Mumbai and Lagos face starkly different climate threats as heat and rain extremes diverge
A new study of two major coastal cities reveals they're experiencing opposite climate trajectories: Mumbai's rainfall is intensifying while Lagos faces worsening heat. The finding suggests one-size-fits-all climate adaptation strategies won't work, forcing governments and businesses to invest in region-specific infrastructure and insurance products tailored to each city's actual risk profile.

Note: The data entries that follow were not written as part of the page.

(* Let $n\ge 4$ and let $W_n$ be the wheel graph on $n$ vertices, with incidence matrix \[M=\left[\begin{array}{c|c} \mathbf{1}^T & \mathbf{0}^T \\ \hline I_{n-1} & C \end{array}\right],\] where $C$ is the circulant matrix $\mathrm{circ}(1,0,\ldots,0,1)$ of order $n-1$. Then $CC^T+I_{n-1}$ is invertible and the Moore–Penrose inverse of $M$ is \[M^+=\frac{1}{2(n-1)} \left[\begin{array}{r|c} 2\mathbf{1} & X \\ \hline -\mathbf{1} & Y \end{array}\right],\] where $X=2(CC^T+I_{n-1})^{-1}\left[ (n-1)I_{n-1}-J_{n-1}\right]$ and $Y= J_{n-1}+C^TX$.
   Context: The wheel graph $W_n$ ($n\ge4$) is obtained from a cycle on $n-1$ vertices and an extra vertex $v$ by joining $v$ to every vertex of the cycle. The (vertex-edge) incidence matrix of a graph has $(i,j)$-entry $1$ if vertex $i$ is incident with edge $e_j$ and $0$ otherwise; the displayed block form corresponds to listing the hub $v$ first, then the cycle vertices $1,\dots,n-1$ in cyclic order, and listing the $n-1$ spokes first (spoke $j$ joining $v$ to cycle vertex $j$) followed by the cycle edges. For $c_0,\dots,c_{k-1}$, $\mathrm{circ}(c_0,c_1,\ldots,c_{k-1})$ denotes the $k\times k$ circulant matrix whose $(i,j)$-entry is $c_{(j-i)\bmod k}$ (first row $c_0,\dots,c_{k-1}$, each subsequent row the cyclic right shift of the previous). $\mathbf{1}$ is the all-ones column vector of length $n-1$, $\mathbf{0}$ the zero vector, $J_{n-1}$ the $(n-1)\times(n-1)$ all-ones matrix, $I_{n-1}$ the identity. The Moore–Penrose inverse $A^+$ of a real matrix $A$ is the unique matrix satisfying $AA^+A=A$, $A^+AA^+=A^+$, $(AA^+)^T=AA^+$, $(A^+A)^T=A^+A$. *)

theory Defs
  imports "Jordan_Normal_Form.Matrix"
begin

definition circ_mat :: "'a list \<Rightarrow> 'a mat" where
  "circ_mat cs = mat (length cs) (length cs)
     (\<lambda>(i,j). cs ! ((j + length cs - i) mod length cs))"

text \<open>All-ones matrix of size r x c (J, or 1 / 1^T as column/row vectors).\<close>
definition ones_mat :: "nat \<Rightarrow> nat \<Rightarrow> 'a :: {zero,one} mat" where
  "ones_mat r c = mat r c (\<lambda>_. 1)"

definition mat_inv :: "'a :: semiring_1 mat \<Rightarrow> 'a mat" where
  "mat_inv A = (THE B. B \<in> carrier_mat (dim_row A) (dim_row A) \<and> inverts_mat A B \<and> inverts_mat B A)"

definition is_MP_inverse :: "real mat \<Rightarrow> real mat \<Rightarrow> bool" where
  "is_MP_inverse A B \<longleftrightarrow> B \<in> carrier_mat (dim_col A) (dim_row A) \<and>
     A * B * A = A \<and> B * A * B = B \<and>
     transpose_mat (A * B) = A * B \<and> transpose_mat (B * A) = B * A"

definition MP_inverse :: "real mat \<Rightarrow> real mat" where
  "MP_inverse A = (THE B. is_MP_inverse A B)"

end

theory Submission
  imports Defs "Jordan_Normal_Form.Determinant"
begin

(* The first row of M is 1^T and the spokes contribute an identity block, so M has full row rank,
   and a right inverse R of M with R M symmetric is its Moore-Penrose inverse.  We take
   R = B / (2m), m = n - 1, where B is the block matrix of the statement.  Of the rim C only its
   row and column sums (all equal to 2) matter: they make the all-ones vector an eigenvector, with
   eigenvalue 5, of the positive definite matrix K = C C^T + I.  Hence X = 2m K^-1 - (2/5) J is
   symmetric with vanishing column sums and X + C Y = 2m I, which gives M B = 2m I, while
   B M = [2J + X, X C; C^T X, 2J + C^T X C] is symmetric because X is. *)

lemma ones_mat_carrier [simp]: "ones_mat r c \<in> carrier_mat r c"
  by (simp add: ones_mat_def)

lemma dim_ones_mat [simp]: "dim_row (ones_mat r c) = r" "dim_col (ones_mat r c) = c"
  by (simp_all add: ones_mat_def)

lemma index_ones_mat [simp]: "i < r \<Longrightarrow> j < c \<Longrightarrow> ones_mat r c $$ (i, j) = 1"
  by (simp add: ones_mat_def)

lemma transpose_ones_mat [simp]: "transpose_mat (ones_mat r c) = ones_mat c r"
  by (rule eq_matI) auto

lemma transpose_smult_mat [simp]: "transpose_mat (c \<cdot>\<^sub>m A) = c \<cdot>\<^sub>m transpose_mat A"
  by (rule eq_matI) auto

lemma ones_mat_mult_ones_mat:
  "ones_mat r k * ones_mat k c = (of_nat k :: 'a :: semiring_1) \<cdot>\<^sub>m ones_mat r c"
  by (rule eq_matI) (auto simp: scalar_prod_def)

lemma is_MP_inverse_mult_left_unique:
  assumes B: "is_MP_inverse A B" and D: "is_MP_inverse A D"
  shows "A * B = A * D"
proof -
  obtain r c where A: "A \<in> carrier_mat r c" by blast
  from B A have Bc: "B \<in> carrier_mat c r" and ABA: "A * B * A = A"
    and AB_sym: "transpose_mat (A * B) = A * B" by (auto simp: is_MP_inverse_def)
  from D A have Dc: "D \<in> carrier_mat c r" and ADA: "A * D * A = A"
    and AD_sym: "transpose_mat (A * D) = A * D" by (auto simp: is_MP_inverse_def)
  have AB: "A * B \<in> carrier_mat r r" and AD: "A * D \<in> carrier_mat r r" using A Bc Dc by auto
  have "A * B = (A * D * A) * B" using ADA by simp
  also have "\<dots> = transpose_mat (A * D) * transpose_mat (A * B)"
    using assoc_mult_mat[OF AD A Bc] AD_sym AB_sym by simp
  also have "\<dots> = transpose_mat ((A * B * A) * D)"
    using transpose_mult[OF AB AD] assoc_mult_mat[OF AB A Dc] by simp
  finally show ?thesis using ABA AD_sym by simp
qed

lemma is_MP_inverse_mult_right_unique:
  assumes B: "is_MP_inverse A B" and D: "is_MP_inverse A D"
  shows "B * A = D * A"
proof -
  obtain r c where A: "A \<in> carrier_mat r c" by blast
  from B A have Bc: "B \<in> carrier_mat c r" and ABA: "A * B * A = A"
    and BA_sym: "transpose_mat (B * A) = B * A" by (auto simp: is_MP_inverse_def)
  from D A have Dc: "D \<in> carrier_mat c r" and ADA: "A * D * A = A"
    and DA_sym: "transpose_mat (D * A) = D * A" by (auto simp: is_MP_inverse_def)
  have AB: "A * B \<in> carrier_mat r r" and AD: "A * D \<in> carrier_mat r r"
    and BA: "B * A \<in> carrier_mat c c" and DA: "D * A \<in> carrier_mat c c" using A Bc Dc by auto
  have "B * A = B * (A * D * A)" using ADA by simp
  also have "\<dots> = transpose_mat (B * A) * transpose_mat (D * A)"
    using assoc_mult_mat[OF Bc AD A] assoc_mult_mat[OF Bc A Dc] assoc_mult_mat[OF BA Dc A]
      BA_sym DA_sym by simp
  also have "\<dots> = transpose_mat (D * (A * B * A))"
    using transpose_mult[OF DA BA] assoc_mult_mat[OF DA Bc A] assoc_mult_mat[OF Dc A Bc]
      assoc_mult_mat[OF Dc AB A] by simp
  finally show ?thesis using ABA DA_sym by simp
qed

lemma is_MP_inverse_unique:
  assumes B: "is_MP_inverse A B" and D: "is_MP_inverse A D"
  shows "B = D"
proof -
  obtain r c where A: "A \<in> carrier_mat r c" by blast
  from B D A have Bc: "B \<in> carrier_mat c r" and Dc: "D \<in> carrier_mat c r"
    and BAB: "B * A * B = B" and DAD: "D * A * D = D" by (auto simp: is_MP_inverse_def)
  have "B = B * (A * B)" using BAB assoc_mult_mat[OF Bc A Bc] by simp
  also have "\<dots> = (D * A) * D"
    using is_MP_inverse_mult_left_unique[OF B D] is_MP_inverse_mult_right_unique[OF B D]
      assoc_mult_mat[OF Bc A Dc] by simp
  finally show ?thesis using DAD by simp
qed

lemma MP_inverse_eqI: "is_MP_inverse A B \<Longrightarrow> MP_inverse A = B"
  unfolding MP_inverse_def using is_MP_inverse_unique by blast

lemma is_MP_inverse_if_right_inverse:
  assumes B: "B \<in> carrier_mat (dim_col A) (dim_row A)" and AB: "A * B = 1\<^sub>m (dim_row A)"
    and BA_sym: "transpose_mat (B * A) = B * A"
  shows "is_MP_inverse A B"
proof -
  have "B * A * B = B"
    using AB assoc_mult_mat[OF B carrier_matI[of A] B] B by simp
  then show ?thesis using assms unfolding is_MP_inverse_def by simp
qed

lemma sum_list_rotate: "sum_list (rotate n xs) = (sum_list xs :: 'a :: comm_monoid_add)"
proof (induction n)
  case (Suc n)
  then show ?case by (cases "rotate n xs") (simp_all add: rotate1_rotate_swap add.commute)
qed simp

lemma sum_nth_rotate:
  "(\<Sum>j<length xs. xs ! ((m + j) mod length xs)) = (sum_list xs :: 'a :: comm_monoid_add)"
proof -
  have "(\<Sum>j<length xs. xs ! ((m + j) mod length xs)) = (\<Sum>j<length xs. rotate m xs ! j)"
    by (simp add: nth_rotate)
  also have "\<dots> = sum_list (rotate m xs)"
    by (simp add: sum_list_sum_nth atLeast0LessThan)
  finally show ?thesis by (simp add: sum_list_rotate)
qed

lemma circ_mat_carrier: "circ_mat cs \<in> carrier_mat (length cs) (length cs)"
  by (simp add: circ_mat_def)

lemma circ_mat_row_sum:
  assumes "i < length cs"
  shows "(\<Sum>j<length cs. circ_mat cs $$ (i, j)) = sum_list cs"
proof -
  let ?k = "length cs"
  have "(\<Sum>j<?k. circ_mat cs $$ (i, j)) = (\<Sum>j<?k. cs ! ((?k - i + j) mod ?k))"
    using assms by (intro sum.cong) (auto simp: circ_mat_def add.commute)
  then show ?thesis by (simp add: sum_nth_rotate)
qed

lemma circ_mat_col_sum:
  assumes "j < length cs"
  shows "(\<Sum>i<length cs. circ_mat cs $$ (i, j)) = sum_list cs"
proof -
  let ?k = "length cs"
  have "(\<Sum>i<?k. circ_mat cs $$ (i, j)) = (\<Sum>i<?k. circ_mat cs $$ (?k - Suc i, j))"
    by (rule sum.nat_diff_reindex[symmetric])
  also have "\<dots> = (\<Sum>i<?k. cs ! ((Suc j + i) mod ?k))"
    using assms by (intro sum.cong) (auto simp: circ_mat_def)
  also have "\<dots> = sum_list cs" by (rule sum_nth_rotate)
  finally show ?thesis .
qed

lemma circ_mat_mult_ones_mat:
  fixes cs :: "'a :: semiring_1 list"
  shows "circ_mat cs * ones_mat (length cs) k = sum_list cs \<cdot>\<^sub>m ones_mat (length cs) k"
  using circ_mat_carrier[of cs]
  by (intro eq_matI) (auto simp: scalar_prod_def circ_mat_row_sum atLeast0LessThan)

lemma ones_mat_mult_circ_mat:
  fixes cs :: "'a :: semiring_1 list"
  shows "ones_mat k (length cs) * circ_mat cs = sum_list cs \<cdot>\<^sub>m ones_mat k (length cs)"
  using circ_mat_carrier[of cs]
  by (intro eq_matI) (auto simp: scalar_prod_def circ_mat_col_sum atLeast0LessThan)

lemma invertible_mat_if_det_nonzero:
  fixes A :: "'a :: field mat"
  assumes A: "A \<in> carrier_mat n n" and "det A \<noteq> 0"
  shows "invertible_mat A"
proof -
  from det_non_zero_imp_unit[OF assms, of undefined]
  obtain B where "B \<in> carrier_mat n n" "B * A = 1\<^sub>m n" "A * B = 1\<^sub>m n"
    unfolding Units_def ring_mat_def by auto
  then show ?thesis using A by (auto simp: invertible_mat_def inverts_mat_def)
qed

Originaltitel: A tale of two coastal megacities: asymmetric trends in heat and rainfall extremes
Introduction: Coastal megacities face increasing risks from hydroclimatic extremes under global warming, yet comparative assessments across contrasting climatic regimes remain limited. Lagos and Mumbai were selected as representative coastal megacities with large, highly exposed populations but differing climatic systems, enabling a comparative analysis of evolving climate risks. This study presents a high-resolution assessment of Lagos (Tropical West Africa) and Mumbai (Monsoonal South Asia) over the period 1981–2023, integrating Expert Team on Climate Change Detection and Indices (ETCCDI) extreme climate indices, non-parametric trend analysis, change-point detection, and Generalized Extreme Value (GEV) modeling. Materials and methods: Daily rainfall (CHIRPS v2.0) and temperature (ERA5-Land) datasets were analyzed alongside a Composite Vulnerability Index (CVI) incorporating population density, informal housing, drainage coverage, and healthcare accessibility. Sea-level rise was considered as an amplifying factor for coastal flood exposure. Results: Results indicate contrasting hydroclimatic trajectories: Mumbai exhibits significant increases in rainfall (+5.18 mm/year) and wet spell persistence (CWD +0.133 days/year), while Lagos shows stronger warming trends, particularly in extreme temperatures (TXx +0.047 °C/year). Change-point analysis suggests a shift in Mumbai’s rainfall regime in the early 2000s, although the linkage to broader climatic drivers is inferred rather than explicitly tested. Both cities exhibit increasing clustering of extreme events, with Lagos showing greater interannual variability. GEV-based return level estimates indicate substantially higher multi-day rainfall extremes in Mumbai (~478 mm for a 100-year event) compared to Lagos (~99.6 mm). Spatial analysis reveals a strong overlap between areas of high flood exposure and socio-environmental vulnerability in both cities. Conclusions: These findings suggest that while hydroclimatic drivers differ between Lagos and Mumbai, their impacts converge through shared patterns of urban vulnerability. This underscores the importance of integrating hazard-specific approaches with vulnerability-focused planning in rapidly urbanizing coastal megacities.